WORK REQUEST: Copy nothing from the entries below except the lines from the one containing "by (simp add: ennreal_power[symmetric]" through the one containing "by (simp_all add: d_def)", and copy those exactly.

[Start of Attachment]

lemma frechet_subdiff_add_proximal_subgradient:
  fixes \<phi> r :: "'a::real_inner \<Rightarrow> real"
  assumes \<phi>_deriv: "(\<phi> has_derivative (\<lambda>h. inner \<gamma> h)) (at x)"
    and proximal: "\<And>y. r x + inner u (y - x) - c * (norm (y - x))\<^sup>2 \<le> r y"
  shows "\<gamma> + u \<in> frechet_subdiff (\<lambda>y. \<phi> y + r y) x"
proof -
  define R where "R y = (\<phi> y - \<phi> x - inner \<gamma> (y - x)) / norm (y - x) - c * norm (y - x)" for y
  have "((\<lambda>y. (\<phi> y - \<phi> x - inner \<gamma> (y - x)) / norm (y - x)) \<longlongrightarrow> 0) (at x)"
    using \<phi>_deriv by (simp add: has_derivative_at_within divide_inverse_commute)
  moreover have "((\<lambda>y. c * norm (y - x)) \<longlongrightarrow> 0) (at x)"
    by (auto intro!: tendsto_eq_intros)
  ultimately have R_lim: "(R \<longlongrightarrow> 0) (at x)"
    unfolding R_def by (metis (no_types) diff_zero tendsto_diff)
  have R_le: "R y \<le> (\<phi> y + r y - (\<phi> x + r x) - inner (\<gamma> + u) (y - x)) / norm (y - x)"
    if "y \<noteq> x" for y
  proof -
    have "R y = (\<phi> y - \<phi> x - inner \<gamma> (y - x) - c * (norm (y - x))\<^sup>2) / norm (y - x)"
      using that by (simp add: R_def field_simps power2_eq_square)
    also have "\<dots> \<le> (\<phi> y + r y - (\<phi> x + r x) - inner (\<gamma> + u) (y - x)) / norm (y - x)"
      using proximal[of y] by (intro divide_right_mono) (auto simp: inner_add_left)
    finally show ?thesis .
  qed
  show ?thesis
    unfolding frechet_subdiff_def mem_Collect_eq le_Liminf_iff
  proof (intro allI impI)
    fix a :: ereal assume "a < 0"
    then have "\<forall>\<^sub>F y in at x. a < ereal (R y)"
      using R_lim by (cases a) (auto simp: order_tendsto_iff)
    moreover have "\<forall>\<^sub>F y in at x. y \<noteq> x"
      by (simp add: eventually_at_filter)
    ultimately show "\<forall>\<^sub>F y in at x.
        a < ereal ((\<phi> y + r y - (\<phi> x + r x) - inner (\<gamma> + u) (y - x)) / norm (y - x))"
      by eventually_elim (use R_le in \<open>auto intro: order_less_le_trans\<close>)
  qed
qed

lemma prox_proximal_subgradient:
  fixes r :: "'a::real_inner \<Rightarrow> real"
  assumes prox: "x \<in> prox \<eta> r w" and \<eta>: "0 < \<eta>"
  shows "r x + inner (- (1 / \<eta>) *\<^sub>R (x - w)) (y - x) - 1 / (2 * \<eta>) * (norm (y - x))\<^sup>2 \<le> r y"
proof -
  have "1 / (2 * \<eta>) * (norm (x - w))\<^sup>2 + r x \<le> 1 / (2 * \<eta>) * (norm (y - w))\<^sup>2 + r y"
    using prox unfolding prox_def by blast
  also have "(norm (y - w))\<^sup>2 = (norm (y - x))\<^sup>2 + 2 * inner (y - x) (x - w) + (norm (x - w))\<^sup>2"
    using dot_norm[of "y - x" "x - w"] by simp
  also have "1 / (2 * \<eta>) * ((norm (y - x))\<^sup>2 + 2 * inner (y - x) (x - w) + (norm (x - w))\<^sup>2)
      = 1 / (2 * \<eta>) * (norm (y - x))\<^sup>2 + inner (y - x) (x - w) / \<eta> + 1 / (2 * \<eta>) * (norm (x - w))\<^sup>2"
    using \<eta> by (simp add: field_simps)
  finally have "r x \<le> r y + 1 / (2 * \<eta>) * (norm (y - x))\<^sup>2 + inner (y - x) (x - w) / \<eta>"
    by linarith
  moreover have "inner (- (1 / \<eta>) *\<^sub>R (x - w)) (y - x) = - (inner (y - x) (x - w) / \<eta>)"
    by (simp add: inner_commute)
  ultimately show ?thesis
    by linarith
qed

definition prox_residual :: "('a \<Rightarrow> 'a) \<Rightarrow> real \<Rightarrow> 'a \<Rightarrow> 'a \<Rightarrow> 'a \<Rightarrow> 'a::real_normed_vector" where
  "prox_residual \<gamma> \<eta> x g x' = \<gamma> x' - (1 / \<eta>) *\<^sub>R (x' - (x - \<eta> *\<^sub>R g))"

lemma prox_residual_in_frechet_subdiff:
  fixes \<phi> r :: "'a::real_inner \<Rightarrow> real"
  assumes \<phi>_deriv: "(\<phi> has_derivative (\<lambda>h. inner (\<gamma> x') h)) (at x')"
    and step: "x' \<in> prox \<eta> r (x - \<eta> *\<^sub>R g)" and \<eta>: "0 < \<eta>"
  shows "prox_residual \<gamma> \<eta> x g x' \<in> frechet_subdiff (\<lambda>y. \<phi> y + r y) x'"
  using frechet_subdiff_add_proximal_subgradient[OF \<phi>_deriv prox_proximal_subgradient[OF step \<eta>]]
  by (simp add: prox_residual_def)

lemma dist0_frechet_subdiff_le_prox_residual:
  fixes \<phi> r :: "'a::real_inner \<Rightarrow> real"
  assumes \<phi>_deriv: "(\<phi> has_derivative (\<lambda>h. inner (\<gamma> x') h)) (at x')"
    and step: "x' \<in> prox \<eta> r (x - \<eta> *\<^sub>R g)" and \<eta>: "0 < \<eta>"
  shows "(dist0 (frechet_subdiff (\<lambda>y. \<phi> y + r y) x'))\<^sup>2 \<le> ennreal ((norm (prox_residual \<gamma> \<eta> x g x'))\<^sup>2)"
proof -
  have "dist0 (frechet_subdiff (\<lambda>y. \<phi> y + r y) x') \<le> ennreal (norm (prox_residual \<gamma> \<eta> x g x'))"
    unfolding dist0_def by (rule INF_lower[OF prox_residual_in_frechet_subdiff[where \<gamma>=\<gamma>, OF \<phi>_deriv step \<eta>]])
  then show ?thesis
    by (simp add: ennreal_power[symmetric] power_mono)
qed

lemma prox_gradient_step_decrease:
  fixes \<phi> r :: "'a::real_inner \<Rightarrow> real"
  assumes \<phi>_deriv: "\<And>y. (\<phi> has_derivative (\<lambda>h. inner (\<gamma> y) h)) (at y)"
    and \<gamma>_lipschitz: "\<And>y z. norm (\<gamma> y - \<gamma> z) \<le> K * norm (y - z)"
    and step: "x' \<in> prox \<eta> r (x - \<eta> *\<^sub>R g)" and \<eta>: "0 < \<eta>"
  shows "inner (x' - x) (g - \<gamma> x) + (1 / (2 * \<eta>) - K / 2) * (norm (x' - x))\<^sup>2
    \<le> (\<phi> x + r x) - (\<phi> x' + r x')"
proof -
  define d where "d = x' - x"
  have "inner (- (1 / \<eta>) *\<^sub>R (x' - (x - \<eta> *\<^sub>R g))) (x - x') = (norm d)\<^sup>2 / \<eta> + inner d g"
  proof -
    have "x' - (x - \<eta> *\<^sub>R g) = d + \<eta> *\<^sub>R g" "x - x' = - d"
      by (simp_all add: d_def)
    then have "inner (- (1 / \<eta>) *\<^sub>R (x' - (x - \<eta> *\<^sub>R g))) (x - x')
        = (1 / \<eta>) * inner (d + \<eta> *\<^sub>R g) d"
      by (simp only:) simp
    then show ?thesis
      using \<eta> by (simp add: inner_add_right inner_commute power2_norm_eq_inner field_simps)
  qed
  then have "r x' + inner d g + (norm d)\<^sup>2 / (2 * \<eta>) \<le> r x"
    using prox_proximal_subgradient[OF step \<eta>, of x] \<eta> by (simp add: d_def norm_minus_commute)
  moreover have "\<phi> x' \<le> \<phi> x + inner (\<gamma> x) d + K / 2 * (norm d)\<^sup>2"
    unfolding d_def by (rule lipschitz_gradient_quadratic_upper_bound[OF \<phi>_deriv \<gamma>_lipschitz])
  ultimately show ?thesis
    by (simp add: d_def[symmetric] inner_diff_right inner_commute algebra_simps)
qed

text \<open>The constants of the one-step bound; they are sharper than C1 and C2 of the statement.\<close>

definition prox_sgd_noise_coeff :: "real \<Rightarrow> real \<Rightarrow> real" where
  "prox_sgd_noise_coeff L \<eta> = (1 + L * \<eta>) * (3 - 2 * L * \<eta>) / (1 - 2 * L * \<eta>)"

definition prox_sgd_gap_coeff :: "real \<Rightarrow> real \<Rightarrow> real" where
  "prox_sgd_gap_coeff L \<eta> = 2 * (1 + L * \<eta>) / (\<eta> * (1 - 2 * L * \<eta>))"

lemma two_mult_le_weighted_squares:
  fixes a b e :: real
  assumes "0 < e"
  shows "2 * a * b \<le> e * a\<^sup>2 + b\<^sup>2 / e"
proof -
  have "0 \<le> (e * a - b)\<^sup>2 / e"
    using assms by simp
  also have "\<dots> = e * a\<^sup>2 + b\<^sup>2 / e - 2 * a * b"
    using assms by (simp add: field_simps power2_eq_square)
  finally show ?thesis
    by simp
qed

text \<open>The one-step bound in scalar form: V = |residual|, N = |x' - x|, E = |g - grad f x|,
  U = |(g - grad f x) + (x' - x) / eta|, P = <x' - x, g - grad f x> and D = F x - F x'.\<close>

lemma prox_sgd_scalar_bound:
  fixes L \<eta> V N E U P D :: real
  assumes L: "0 < L" and \<eta>: "0 < \<eta>" "L * \<eta> < 1 / 2"
    and V: "0 \<le> V" "V \<le> L * N + U"
    and U_sq: "U\<^sup>2 = E\<^sup>2 + 2 / \<eta> * P + N\<^sup>2 / \<eta>\<^sup>2"
    and P: "- (N * E) \<le> P"
    and decrease: "P + (1 / (2 * \<eta>) - L / 2) * N\<^sup>2 \<le> D"
  shows "V\<^sup>2 \<le> prox_sgd_noise_coeff L \<eta> * E\<^sup>2 + prox_sgd_gap_coeff L \<eta> * D"
proof -
  define s where "s = L * \<eta>"
  define q where "q = 1 - 2 * s"
  have s: "0 < s" "0 < q"
    using L \<eta> by (auto simp: s_def q_def)
  have L_eq: "L = s / \<eta>"
    using \<eta> by (simp add: s_def)
  have "2 * U * (L * N) \<le> s * U\<^sup>2 + (L * N)\<^sup>2 / s"
    by (rule two_mult_le_weighted_squares[OF s(1)])
  moreover have "V\<^sup>2 \<le> (L * N + U)\<^sup>2"
    using V by (intro power_mono) auto
  moreover have "(L * N)\<^sup>2 / s + (L * N)\<^sup>2 = (1 + s) * L / \<eta> * N\<^sup>2"
    using L \<eta> by (simp add: s_def field_simps power2_eq_square)
  ultimately have V_sq: "V\<^sup>2 \<le> (1 + s) * U\<^sup>2 + (1 + s) * L / \<eta> * N\<^sup>2"
    by (simp add: power2_sum algebra_simps)
  have "2 / \<eta> * P \<le> 2 / \<eta> * (D - (1 / (2 * \<eta>) - L / 2) * N\<^sup>2)"
    using decrease \<eta> by (intro mult_left_mono) auto
  also have "\<dots> = 2 / \<eta> * D - N\<^sup>2 / \<eta>\<^sup>2 + L / \<eta> * N\<^sup>2"
    using \<eta> by (simp add: field_simps power2_eq_square)
  finally have U_bound: "U\<^sup>2 \<le> E\<^sup>2 + 2 / \<eta> * D + L / \<eta> * N\<^sup>2"
    unfolding U_sq by linarith
  have "2 * N * E \<le> L * N\<^sup>2 + E\<^sup>2 / L"
    using L by (rule two_mult_le_weighted_squares)
  then have "- (E\<^sup>2 / (2 * L)) - L * N\<^sup>2 / 2 \<le> P"
    using P by (simp add: field_simps)
  then have "(1 / (2 * \<eta>) - L) * N\<^sup>2 \<le> D + E\<^sup>2 / (2 * L)"
    using decrease by (simp add: algebra_simps)
  then have N_bound: "N\<^sup>2 \<le> (2 * \<eta> * D + \<eta> / L * E\<^sup>2) / q"
    using s \<eta> L by (simp add: s_def q_def field_simps)
  have "V\<^sup>2 \<le> (1 + s) * (E\<^sup>2 + 2 / \<eta> * D + L / \<eta> * N\<^sup>2) + (1 + s) * L / \<eta> * N\<^sup>2"
    using V_sq U_bound s by (smt (verit) mult_left_mono)
  also have "\<dots> = (1 + s) * (E\<^sup>2 + 2 / \<eta> * D) + 2 * (1 + s) * L / \<eta> * N\<^sup>2"
    by (simp add: algebra_simps)
  also have "\<dots> \<le> (1 + s) * (E\<^sup>2 + 2 / \<eta> * D)
      + 2 * (1 + s) * L / \<eta> * ((2 * \<eta> * D + \<eta> / L * E\<^sup>2) / q)"
    using N_bound s L \<eta> by (intro add_left_mono mult_left_mono) auto
  also have "\<dots> = (1 + s) * (3 - 2 * s) / q * E\<^sup>2 + 2 * (1 + s) / (\<eta> * q) * D"
    using s \<eta> unfolding L_eq by (simp add: field_simps) (simp add: q_def algebra_simps)
  also have "\<dots> = prox_sgd_noise_coeff L \<eta> * E\<^sup>2 + prox_sgd_gap_coeff L \<eta> * D"
    by (simp add: prox_sgd_noise_coeff_def prox_sgd_gap_coeff_def q_def s_def mult.assoc)
  finally show ?thesis .
qed

lemma prox_sgd_coeffs_nonneg:
  assumes "0 < L" "0 < \<eta>" "L * \<eta> < 1 / 2"
  shows "0 \<le> prox_sgd_noise_coeff L \<eta>" "0 \<le> prox_sgd_gap_coeff L \<eta>"
  using assms by (auto simp: prox_sgd_noise_coeff_def prox_sgd_gap_coeff_def
      intro!: divide_nonneg_pos mult_nonneg_nonneg mult_pos_pos)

[End of Attachment]

RESPONSE TO THE EXERCISE:
    by (simp add: ennreal_power[symmetric] power_mono)
qed

lemma prox_gradient_step_decrease:
  fixes \<phi> r :: "'a::real_inner \<Rightarrow> real"
  assumes \<phi>_deriv: "\<And>y. (\<phi> has_derivative (\<lambda>h. inner (\<gamma> y) h)) (at y)"
    and \<gamma>_lipschitz: "\<And>y z. norm (\<gamma> y - \<gamma> z) \<le> K * norm (y - z)"
    and step: "x' \<in> prox \<eta> r (x - \<eta> *\<^sub>R g)" and \<eta>: "0 < \<eta>"
  shows "inner (x' - x) (g - \<gamma> x) + (1 / (2 * \<eta>) - K / 2) * (norm (x' - x))\<^sup>2
    \<le> (\<phi> x + r x) - (\<phi> x' + r x')"
proof -
  define d where "d = x' - x"
  have "inner (- (1 / \<eta>) *\<^sub>R (x' - (x - \<eta> *\<^sub>R g))) (x - x') = (norm d)\<^sup>2 / \<eta> + inner d g"
  proof -
    have "x' - (x - \<eta> *\<^sub>R g) = d + \<eta> *\<^sub>R g" "x - x' = - d"
      by (simp_all add: d_def)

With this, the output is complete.